Border management once consisted of an isolated encounter with an immigration officer at a border crossing point. Now it is a complex, layered process bristling with technology that extends beyond a simple passport check. As governments get more sophisticated about how they manage border security and secure immigration workflows, they are pushing the idea of a “border” far beyond the physical port of entry. This evolving approach demands innovative ideas and new technologies.

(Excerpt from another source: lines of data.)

(* For every finite $J\subset\mathbb N_+$, the elements of $\mathcal B_J$ are $P$-cycles in $W_J$ and their classes form an $\mathbb F_2$-basis of $\mathcal M(W_J,P)\cong\mathcal M(M_J,P)$.
   Context: Over $\mathbb F_2$, $R=\Lambda(t_i:i\ge1)\otimes\Lambda(x_i:i\ge1)$ with basis the monomials $t_Ix_J$ ($t_I=\prod_{i\in I}t_i$, $x_J=\prod_{j\in J}x_j$, $t_It_K=0$ if $I\cap K\neq\emptyset$), with linear operators $Q_1(t_Ix_J)=\sum_{j\in J}t_jt_Ix_{J\setminus\{j\}}$, $P(t_Ix_J)=\sum_{K\subseteq J,|K|=2}t_Kt_Ix_{J\setminus K}$. For finite $J$, $W_J=\operatorname{span}\{t_Ix_{J\setminus I}:I\subseteq J\}$, isomorphic as a $\Lambda(Q_1,P)$-module to $M_J=\bigotimes_{j\in J}M_j$ ($M_j$ with basis $t_j,x_j$, $Q_1x_j=t_j$, $P=0$, tensor action via $\Delta(P)=P\otimes1+Q_1\otimes Q_1+1\otimes P$). Exchange: $(t_Ix_J)^e=t_Jx_I$. Sets $\mathcal B_{[n]}$: $\mathcal B_{[0]}=\{1\}$; given $\mathcal B_{[2t]}$, $\mathcal B_{[2t+1]}=\{Q_1(b\,x_{2t+1})\}\cup\{Q_1(b\,x_{2t+1})^e\}$ and $\mathcal B_{[2t+2]}=\{Q_1(b\,x_{2t+1})x_{2t+2}\}\cup\{Q_1(b\,x_{2t+1})^e\,t_{2t+2}\}$, $b\in\mathcal B_{[2t]}$. For $|J|=n$ let $\phi_J:[n]\to J$ be the order-preserving bijection and $(\phi_J)_*:R\to R$ the algebra map $t_i\mapsto t_{\phi_J(i)}$, $x_i\mapsto x_{\phi_J(i)}$ for $i\le n$; then $\mathcal B_J=(\phi_J)_*(\mathcal B_{[n]})$. *)

theory Defs
  imports Main
begin

text \<open>Elements of R over F_2 are represented as finite sets of basis monomials
  t_I x_J, a monomial being the pair (I, J) of finite sets of positive indices.
  Addition is symmetric difference.\<close>

type_synonym mono = "nat set \<times> nat set"
type_synonym relt = "mono set"

definition radd :: "relt \<Rightarrow> relt \<Rightarrow> relt" where
  "radd a b = (a - b) \<union> (b - a)"

definition sumF :: "('i \<Rightarrow> relt) \<Rightarrow> 'i set \<Rightarrow> relt" where
  "sumF f A = {m. odd (card {a \<in> A. m \<in> f a})}"

definition one :: relt where "one = {({}, {})}"
definition tv :: "nat \<Rightarrow> relt" where "tv i = {({i}, {})}"
definition xv :: "nat \<Rightarrow> relt" where "xv i = {({}, {i})}"

definition mmul :: "mono \<Rightarrow> mono \<Rightarrow> relt" where
  "mmul p q = (if fst p \<inter> fst q = {} \<and> snd p \<inter> snd q = {}
               then {(fst p \<union> fst q, snd p \<union> snd q)} else {})"

definition rmul :: "relt \<Rightarrow> relt \<Rightarrow> relt" where
  "rmul a b = sumF (\<lambda>(p, q). mmul p q) (a \<times> b)"

definition Q1m :: "mono \<Rightarrow> relt" where
  "Q1m m = sumF (\<lambda>j. mmul ({j}, {}) (fst m, snd m - {j})) (snd m)"

definition Q1 :: "relt \<Rightarrow> relt" where
  "Q1 a = sumF Q1m a"

definition Pm :: "mono \<Rightarrow> relt" where
  "Pm m = sumF (\<lambda>K. mmul (K, {}) (fst m, snd m - K)) {K. K \<subseteq> snd m \<and> card K = 2}"

definition Pop :: "relt \<Rightarrow> relt" where
  "Pop a = sumF Pm a"

definition exch :: "relt \<Rightarrow> relt" where
  "exch a = (\<lambda>(I, J). (J, I)) ` a"

text \<open>The sets B_[2t] (Beven t) and B_[2t+1] (Bodd t).\<close>
fun Beven :: "nat \<Rightarrow> relt set" where
  "Beven 0 = {one}"
| "Beven (Suc t) =
     {rmul (Q1 (rmul b (xv (2*t+1)))) (xv (2*t+2)) | b. b \<in> Beven t}
   \<union> {rmul (exch (Q1 (rmul b (xv (2*t+1))))) (tv (2*t+2)) | b. b \<in> Beven t}"

definition Bodd :: "nat \<Rightarrow> relt set" where
  "Bodd t = {Q1 (rmul b (xv (2*t+1))) | b. b \<in> Beven t}
          \<union> {exch (Q1 (rmul b (xv (2*t+1)))) | b. b \<in> Beven t}"

definition Bn :: "nat \<Rightarrow> relt set" where
  "Bn n = (if even n then Beven (n div 2) else Bodd (n div 2))"

definition phi :: "nat set \<Rightarrow> nat \<Rightarrow> nat" where
  "phi J i = sorted_list_of_set J ! (i - 1)"

definition relabel :: "(nat \<Rightarrow> nat) \<Rightarrow> relt \<Rightarrow> relt" where
  "relabel f a = (\<lambda>(I, K). (f ` I, f ` K)) ` a"

definition BJ :: "nat set \<Rightarrow> relt set" where
  "BJ J = relabel (phi J) ` Bn (card J)"

definition WJ :: "nat set \<Rightarrow> relt set" where
  "WJ J = {a. a \<subseteq> {(I, J - I) | I. I \<subseteq> J}}"

end

theory Submission
  imports Defs
begin
(* Let $G$ be an $X-Y$ normalized graph. Each sequence $(S_1,\dots,S_r)$ of pairwise disjoint non-empty subsets of $V(G)$ is the attribute of at most one compound witness (with respect to $X$ and $Y$ in $G$).
   Context: $G$ is a finite undirected graph, $X,Y$ disjoint subsets of $V(G)$; $N(C)=(\bigcup_{v\in C}N(v))\setminus C$. An $X-Y$ separator is a set $K \subseteq V(G) \setminus (X \cup Y)$ such that $G \setminus K$ has no path from $X$ to $Y$; minimal means inclusion-minimal. A graph $H$ is $X-Y$ normalized if $N(X)$ is the only minimum-cardinality $X-Y$ separator of $H$. In $H$, let $r_H$ be the minimum size of an $X-Y$ separator; the excess of an $X-Y$ separator $K$ is $|K|-r_H$. $NR(H,Y,K)$ is the set of vertices not reachable from $Y$ in $H\setminus K$; $K \geq K'$ means $NR(H,Y,K)\supseteq NR(H,Y,K')$, $K'<K$ means $K\ge K'$ and the $NR$ sets differ. A minimal $X-Y$ separator $K$ is important if there is no $X-Y$ separator $K'$ with $K<K'$ and $|K|\ge |K'|$. For $S\subseteq N(X)$ with no vertex adjacent to $Y$, the cover excess $CE(S)$ is the excess of a smallest $X-Y$ separator disjoint from $S$; a witness of $S$ is an $X-Y$ separator disjoint from $S$ with excess $CE(S)$; in a normalized graph there is a unique witness of $S$ that is an important $X-Y$ separator, denoted $K(S)$. $Pr(H,X,Y,K)$ is the graph obtained from $H\setminus (NR(H,Y,K)\setminus X)$ by making $X$ adjacent to all vertices of $K$ (for $K$ important, it is $X-Y$ normalized). Compound witness: for an $X-Y$ normalized graph $H$, a sequence $(S_1,\dots,S_r)$ of pairwise disjoint non-empty vertex sets and an $X-Y$ separator $K$, $K$ is a compound witness of the attribute $(S_1,\dots,S_r)$ w.r.t. $X,Y$ in $H$ if: when $r=1$, $S_1\subseteq N(X)$ and $K=K(S_1)$; when $r>1$, $K(S_1)$ is defined (i.e. $S_1\subseteq N(X)$, not adjacent to $Y$), $S_2\cup\dots\cup S_r$ is disjoint from $N(X)$, and $K$ is a compound witness of $(S_2,\dots,S_r)$ w.r.t. $X,Y$ in $Pr(H,X,Y,K(S_1))$. The rank of $K$ is $|S_1|+\dots+|S_r|$. *)

theory Defs
  imports Main
begin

Travel authorization systems are an attempt by governments to vet passengers before, during, and after they arrive in a country. Often used in lieu of a visa, travel authorization systems require that passengers register with the government (usually through an online portal) so the data can be scrubbed against relevant databases throughout the travel continuum. This allows for situational awareness on a whole new level, giving governments the power to target enforcement actions and maximize their constrained resources.
Pioneered by Australia through its Electronic Travel Authority (ETA) system, the US government quickly followed with its own Electronic System for Travel Authorization (ESTA). After a long gestation period and several studies, the European Union recently announced its own system, the European Travel Information and Authorization System (ETIAS).
The growing use of travel authorization systems is not without controversy. The question of whether they constitute a de facto visa frequently prompts complaints about reciprocity and even threats of retaliation. Travelers express disdain about the added cost – Australian ETAs are A$20 for one year, US ESTAs are $14 for two years ($10 of that funds the Corporation for Travel Promotion), and an authorization through ETIAS is proposed to cost €5 for five years. There are worries about data protection, the effect on tourism numbers, and how all of this will work with Brexit on the horizon.
Yet the logic of heightened security has produced grudging acceptance of the value these systems bring to the travel system as a whole. Indeed, EU governments complained the loudest when ESTA was rolled out, but now have a system of their own. The tide of travel authorization systems probably hasn’t crested yet – we can expect that other governments will follow Europe’s lead in the near future.
As governments try to push their borders out ever further, the question of biometrically enabled travel authorizations is already a topic of discussion in some circles. Biographic information like names, dates of birth, and passport numbers can go a long way in pinpointing threats to the travel system, but they cannot produce a definitive identification. The common currency of criminal, immigration, and even defense records, is the fingerprint. Proactively running a traveler’s biometrics against appropriate data bases would equip border officials with a broader range of information by which to evaluate threats to the travel system.
Both policy and technical questions must be addressed before adding a biometric component to travel authorization systems. On the policy side, not all countries have passports which include fingerprints – the United States included. Those which do have biometrically enabled passports carefully guard the encrypted keys, securing the data so tightly that it is nearly impossible for other countries to use. The International Civil Aviation Organization (ICAO), which sets the standards for passport biometrics, has yet to create a way for third countries to use them in a secure and seamless way. Even if those biometrics became accessible to the proper authorities overseas, most people lack the ability to read a passport chip at the individual as they apply for a travel authorization.
As travel authorization systems permeate the landscape of border management, a second wave of innovation is likely to emerge. Biometrics, mobile devices, electronic documents – all of these could forge a sort of compromise between the bolted-on systems like ETIAS and a security layer which actually promotes seamless travel experiences. In this sense, travel authorization technologies represent an opportunity for both government and industry to bring new solutions to the table to create a more efficient and secure travel system.
Ben Ball is the Government Market Director at Crossmatch, where he oversees market intelligence and strategic outreach to government customers around the world. A ten year veteran of the Federal government, Ben was a Foreign Service Officer and worked in the Department of Homeland Security.